Vijay has worked on a variety of innovative and complex transactions in Australia and Europe (including during his time with Slaughter and May, 2005-2009).

Landmark deals include:

  • Alinta Energy's finance syndicate – on the A$2.9 billion recapitalisation solution;
  • Arrium – on its response to the A$1.2 billion proposal from Noble Group and POSCO;
  • BHP – on its dual listed companies (DLC) merger with Billiton, the then largest merger in Australian corporate history;
  • Billabong – on its response to numerous takeover proposals from various private equity parties, concluding in its recapitalisation by Centerbridge and Oaktree;
  • Brambles – on its merger with GKN, again through a DLC structure, and subsequently the unification of the Australian/UK DLC structure via dual schemes of arrangement;
  • Brambles – on numerous acquisitions, including the €135 million acquisition via a competitive sale of the Pallecon bulk container business from Apollo; the Ferguson Group for an enterprise value of £320 million; and Germany's IFCO Systems from London-based buyout firm Apax Partners for €923 million;
  • CIMB Group – on its acquisition of the Australian cash equities, ECM and corporate finance businesses of The Royal Bank of Scotland;
  • Commonwealth Bank – on its strategic alliance with Goldman Sachs to combine ECM and investment research expertise with Australia’s largest online retail share trading platform;
  • CSC – on its A$436 million acquisition of UXC Limited;
  • General Electric – on the acquisition from Smiths Group PLC of Smiths Aerospace for US$4.8 billion in cash;
  • Discovery Metals – on the response to takeover proposals from the Chinese private equity group Cathay Fortune, including an A$830 million cash offer;
  • Ferrovial Services – on its A$1 billion proposal to acquire Transfield Services and subsequent takeover offer;
  • GE Money – on the sale of certain financial services businesses in the UK, Ireland, Austria, Germany and Finland to Banco Santander;
  • >Global infrastructure investor – on its proposed A$5 billion acquisition and investment in the Pilbara iron ore sector, and on its bid for the Moomba to Adelaide pipeline system;
  • Goldman Sachs and Brookfield – on the acquisition of Lloyd's NZ property loan portfolio;
  • Leighton Holdings – on its response to the A$1.115 billion proportional takeover by Hochtief;
  • Leighton Holdings – on its A$750 million capital raising and response to regulatory investigations;
  • Pacific Equity Partners and Bain Capital – on their A$872 million proposal to acquire Bradken Limited; and
  • Yum!
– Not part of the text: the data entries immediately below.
(* Let $q\ge1$, $n=2^q$, and take the operator basis $\{\tilde E_\alpha\}$ of the $n\times n$ complex matrices to be the matrix units $\{n_{[ij]}\}_{1\le i,j\le n}$, indexing $\alpha$ by pairs $(i,j)$. Then there exist a density matrix $\rho$ on $\mathbb{C}^n\otimes\mathbb{C}^n$ and an operator $R=\sum_m a_m M_m^\dagger M_m$ (for some POVM $\{M_m\}$ and real numbers $a_m$) such that the tensor $A_{\alpha\beta\gamma\delta}=\mathrm{tr}\big[R(\tilde E_\alpha\otimes\tilde E_\gamma)\rho(\tilde E_\beta^\dagger\otimes\tilde E_\delta^\dagger)\big]$ is diagonal with nonzero diagonal entries, i.e. $A_{\alpha\beta\gamma\delta}=0$ whenever $(\alpha,\beta)\ne(\gamma,\delta)$, and $A_{\alpha\beta\alpha\beta}\ne0$ for all $\alpha,\beta$.
   Context: $n_{[ij]}$ denotes the $n\times n$ matrix whose $(i,j)$ entry is $1$ and all other entries are $0$. In a two-player static quantum game, $\rho$ is the initial state shared between the two players (each holding one $\mathbb{C}^n$ factor), $\{M_m\}$ is the referee's POVM and $a_m$ the payoff to player I on outcome $m$, so that player I's payoff for chi-matrix strategies $\chi,\xi$ is $\sum_{\alpha,\beta,\gamma,\delta}\mathrm{Re}[\chi_{\alpha\beta}\xi_{\gamma\delta}A_{\alpha\beta\gamma\delta}]$. *)

theory Defs
  imports "HOL-Analysis.Analysis"
begin

text \<open>Square complex matrices indexed by a finite type 'n (so n = CARD('n));
  operators on C^n (x) C^n are matrices indexed by 'n \<times> 'n.\<close>

type_synonym ('n) cmat = "complex ^ 'n ^ 'n"

definition adj :: "complex ^ 'b ^ 'a \<Rightarrow> complex ^ 'a ^ 'b" where
  "adj X = (\<chi> i j. cnj (X $ j $ i))"

definition tr :: "complex ^ 'a ^ 'a \<Rightarrow> complex" where
  "tr X = (\<Sum>i\<in>UNIV. X $ i $ i)"

definition kron :: "('n::finite) cmat \<Rightarrow> ('n::finite) cmat \<Rightarrow> complex ^ ('n \<times> 'n) ^ ('n \<times> 'n)" where
  "kron X Y = (\<chi> p r. X $ fst p $ fst r * Y $ snd p $ snd r)"

definition matunit :: "'n \<Rightarrow> 'n \<Rightarrow> ('n::finite) cmat" where
  "matunit i j = (\<chi> r c. if r = i \<and> c = j then 1 else 0)"

definition cinner :: "complex ^ 'a \<Rightarrow> complex ^ 'a \<Rightarrow> complex" where
  "cinner v w = (\<Sum>i\<in>UNIV. cnj (v $ i) * w $ i)"

definition density :: "complex ^ 'a ^ 'a \<Rightarrow> bool" where
  "density \<rho> \<longleftrightarrow> adj \<rho> = \<rho>
     \<and> (\<forall>v. Im (cinner v (\<rho> *v v)) = 0 \<and> Re (cinner v (\<rho> *v v)) \<ge> 0)
     \<and> tr \<rho> = 1"

definition povm :: "nat \<Rightarrow> (nat \<Rightarrow> complex ^ 'a ^ 'a) \<Rightarrow> bool" where
  "povm K M \<longleftrightarrow> (\<Sum>m<K. adj (M m) ** M m) = mat 1"

definition payoffA :: "complex ^ ('n::finite \<times> 'n) ^ ('n \<times> 'n) \<Rightarrow> complex ^ ('n \<times> 'n) ^ ('n \<times> 'n)
    \<Rightarrow> 'n \<times> 'n \<Rightarrow> 'n \<times> 'n \<Rightarrow> 'n \<times> 'n \<Rightarrow> 'n \<times> 'n \<Rightarrow> complex" where
  "payoffA R \<rho> \<alpha> \<beta> \<gamma> \<delta> =
     tr (R ** kron (case_prod matunit \<alpha>) (case_prod matunit \<gamma>) ** \<rho>
           ** kron (adj (case_prod matunit \<beta>)) (adj (case_prod matunit \<delta>)))"

end

theory Submission
  imports Defs
begin

text \<open>Take both the shared state and the payoff operator to be the projector
  P = |phi><phi| onto the maximally entangled vector phi = n^(-1/2) sum_a |a a>, measured by the
  POVM {P, 1 - P} with payoffs 1 and 0. For matrix units the tensor factorises as
  A_(i,j)(k,l)(i',j')(k',l') = R_(k,k'),(i,i') rho_(j,j'),(l,l'), and an entry of P vanishes exactly
  when one of its two index pairs is off the diagonal; so A is nonzero exactly when i = i',
  j = j', k = k' and l = l'.\<close>

definition matrix_unit :: "'a \<Rightarrow> 'b \<Rightarrow> complex ^ 'b ^ 'a" where
  "matrix_unit a b = (\<chi> p r. if p = a \<and> r = b then 1 else 0)"

lemma matrix_mul_matrix_unit_component:
  "(X ** matrix_unit a b) $ x $ y = (if y = b then X $ x $ a else 0)"
proof -
  have "(X ** matrix_unit a b) $ x $ y
      = (\<Sum>k\<in>UNIV. if y = b then (if k = a then X $ x $ a else 0) else 0)"
    unfolding matrix_matrix_mult_def matrix_unit_def vec_lambda_beta by (rule sum.cong) auto
  then show ?thesis by (cases "y = b") auto
qed

lemma tr_mul_matrix_units:
  "tr (R ** matrix_unit a b ** \<rho> ** matrix_unit c d) = R $ d $ a * \<rho> $ b $ c"
proof -
  have left: "(R ** matrix_unit a b ** \<rho>) $ x $ y = R $ x $ a * \<rho> $ b $ y" for x y
  proof -
    have "(R ** matrix_unit a b ** \<rho>) $ x $ y
        = (\<Sum>k\<in>UNIV. if k = b then R $ x $ a * \<rho> $ b $ y else 0)"
      unfolding matrix_matrix_mult_def[of "R ** matrix_unit a b"] vec_lambda_beta
      by (rule sum.cong) (auto simp: matrix_mul_matrix_unit_component)
    then show ?thesis by simp
  qed
  have "tr (R ** matrix_unit a b ** \<rho> ** matrix_unit c d)
      = (\<Sum>i\<in>UNIV. if i = d then R $ d $ a * \<rho> $ b $ c else 0)"
    unfolding tr_def by (rule sum.cong) (auto simp: matrix_mul_matrix_unit_component left)
  then show ?thesis by simp
qed

lemma kron_matunit: "kron (matunit i j) (matunit i' j') = matrix_unit (i, i') (j, j')"
  unfolding kron_def matunit_def matrix_unit_def vec_eq_iff by auto

lemma adj_matunit: "adj (matunit i j) = matunit j i"
  unfolding adj_def matunit_def vec_eq_iff by auto

lemma payoffA_eq:
  "payoffA R \<rho> (i, j) (k, l) (i', j') (k', l') = R $ (k, k') $ (i, i') * \<rho> $ (j, j') $ (l, l')"
  unfolding payoffA_def by (simp add: adj_matunit kron_matunit tr_mul_matrix_units)

lemma adj_diff: "adj (A - B) = adj A - adj B"
  by (simp add: adj_def vec_eq_iff)

lemma adj_mat_1: "adj (mat 1 :: complex ^ 'a ^ 'a) = mat 1"
  by (simp add: adj_def vec_eq_iff mat_def)

lemma matrix_diff_ldistrib: "(A::'a::comm_ring_1^'n::finite^'m) ** (B - C) = A ** B - A ** C"
  by (simp add: matrix_matrix_mult_def vec_eq_iff sum_subtractf right_diff_distrib)

lemma matrix_diff_rdistrib: "((A::'a::comm_ring_1^'n::finite^'m) - B) ** C = A ** C - B ** C"
  by (simp add: matrix_matrix_mult_def vec_eq_iff sum_subtractf left_diff_distrib)

lemma povm_projector_complement:
  assumes "adj P = P" and "P ** P = P"
  shows "povm 2 (\<lambda>m. if m = 0 then P else mat 1 - P)"
proof -
  have "(mat 1 - P) ** (mat 1 - P) = mat 1 - P"
    using assms(2) by (simp add: matrix_diff_ldistrib matrix_diff_rdistrib)
  then show ?thesis
    using assms by (simp add: povm_def numeral_2_eq_2 adj_diff adj_mat_1)
qed

definition outer :: "complex ^ 'a \<Rightarrow> complex ^ 'b \<Rightarrow> complex ^ 'b ^ 'a" where
  "outer u v = (\<chi> i j. u $ i * cnj (v $ j))"

lemma adj_outer: "adj (outer u v) = outer v u"
  by (simp add: adj_def outer_def vec_eq_iff)

lemma tr_outer: "tr (outer u v) = cinner v u"
  by (simp add: tr_def outer_def cinner_def mult.commute)

lemma outer_mult_vector: "outer u v *v w = (\<chi> i. u $ i * cinner v w)"
  by (simp add: outer_def cinner_def matrix_vector_mult_def vec_eq_iff sum_distrib_left
      mult.assoc)

lemma cinner_outer_self: "cinner v (outer u u *v v) = of_real ((cmod (cinner u v))\<^sup>2)"
proof -
  have "cinner v (outer u u *v v) = cnj (cinner u v) * cinner u v"
    by (simp add: outer_mult_vector cinner_def sum_distrib_right mult.assoc mult.left_commute)
  then show ?thesis
    by (metis complex_norm_square mult.commute)
qed

lemma outer_self_idem:
  assumes "cinner u u = 1"
  shows "outer u u ** outer u u = outer u u"
proof -
  have "(outer u u ** outer u u) $ i $ j = u $ i * cinner u u * cnj (u $ j)" for i j
    by (simp add: matrix_matrix_mult_def outer_def cinner_def sum_distrib_left
        sum_distrib_right mult_ac)
  then show ?thesis
    using assms by (simp add: vec_eq_iff outer_def)
qed

lemma density_outer_self:
  assumes "cinner u u = 1"
  shows "density (outer u u)"
  using assms by (simp add: density_def adj_outer tr_outer cinner_outer_self)

lemma sum_diagonal:
  "(\<Sum>p\<in>UNIV. if fst p = snd p then f p else 0) = (\<Sum>a\<in>UNIV. f (a, a :: 'n::finite))"
proof -
  have "(\<Sum>p\<in>UNIV. if fst p = snd p then f p else 0)
      = (\<Sum>a\<in>UNIV. \<Sum>b\<in>UNIV. if a = b then f (a, b :: 'n) else 0)"
    unfolding UNIV_Times_UNIV[symmetric] sum.cartesian_product by (rule sum.cong) auto
  then show ?thesis by simp
qed

definition max_entangled :: "complex ^ ('n::finite \<times> 'n)" where
  "max_entangled = (\<chi> p. if fst p = snd p then of_real (1 / sqrt (real CARD('n))) else 0)"

lemma cinner_max_entangled: "cinner max_entangled (max_entangled :: complex ^ ('n::finite \<times> 'n)) = 1"
proof -
  have "cnj (max_entangled $ p) * max_entangled $ p
      = (if fst p = snd p then 1 / of_nat CARD('n) else 0)" for p :: "'n \<times> 'n"
  proof -
    have "1 / sqrt (real CARD('n)) * (1 / sqrt (real CARD('n))) = 1 / real CARD('n)"
      by simp
    then show ?thesis
      by (simp add: max_entangled_def flip: of_real_mult)
  qed
  then show ?thesis
    by (simp add: cinner_def sum_diagonal)
qed

lemma outer_max_entangled_eq_0_iff:
  "outer max_entangled max_entangled $ (k, k') $ (i, i') = 0 \<longleftrightarrow> k \<noteq> k' \<or> i \<noteq> i'"
  by (simp add: outer_def max_entangled_def)

theorem theorem3:
  fixes q :: nat
  assumes "q \<ge> 1" and "CARD('n::finite) = 2 ^ q"
  shows "\<exists>(\<rho> :: complex ^ ('n \<times> 'n) ^ ('n \<times> 'n)) (K :: nat) M (a :: nat \<Rightarrow> real).
           density \<rho> \<and> povm K M \<and>
           (let R = (\<Sum>m<K. a m *\<^sub>R (adj (M m) ** M m)) in
             (\<forall>\<alpha> \<beta> \<gamma> \<delta>. (\<alpha>, \<beta>) \<noteq> (\<gamma>, \<delta>) \<longrightarrow> payoffA R \<rho> \<alpha> \<beta> \<gamma> \<delta> = 0) \<and>
             (\<forall>\<alpha> \<beta>. payoffA R \<rho> \<alpha> \<beta> \<alpha> \<beta> \<noteq> 0))"
proof -
  define P :: "complex ^ ('n \<times> 'n) ^ ('n \<times> 'n)" where "P = outer max_entangled max_entangled"
  define M where "M = (\<lambda>m::nat. if m = 0 then P else mat 1 - P)"
  define a where "a = (\<lambda>m::nat. if m = 0 then 1 else 0 :: real)"
  have adj_P: "adj P = P" and idem_P: "P ** P = P"
    unfolding P_def by (simp_all add: adj_outer outer_self_idem cinner_max_entangled)
  have R: "(\<Sum>m<2. a m *\<^sub>R (adj (M m) ** M m)) = P"
    by (simp add: numeral_2_eq_2 M_def a_def adj_P idem_P)
  have "payoffA P P \<alpha> \<beta> \<gamma> \<delta> = 0 \<longleftrightarrow> (\<alpha>, \<beta>) \<noteq> (\<gamma>, \<delta>)" for \<alpha> \<beta> \<gamma> \<delta>
    by (cases \<alpha>; cases \<beta>; cases \<gamma>; cases \<delta>)
      (auto simp: payoffA_eq P_def outer_max_entangled_eq_0_iff)
  moreover have "density P" and "povm 2 M"
    using povm_projector_complement[OF adj_P idem_P]
    by (simp_all add: P_def density_outer_self cinner_max_entangled M_def)
  ultimately show ?thesis
    by (intro exI[of _ P] exI[of _ 2] exI[of _ M] exI[of _ a]) (simp add: R)
qed

end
Brands Inc. and Yum! Restaurants Australia – on the sale of Pizza Hut in Australia, including the master franchise arrangements for Pizza Hut's Australian network of 260 sub-franchisee stores.

Vijay is admitted in NSW and is a member of the Law Committee of the Australian Institute of Company Directors. He sits on our Clients & Pursuits Committee, is the Head of our US Practice Desk and was a founding board member of the Firm's Inclusion and Diversity Council.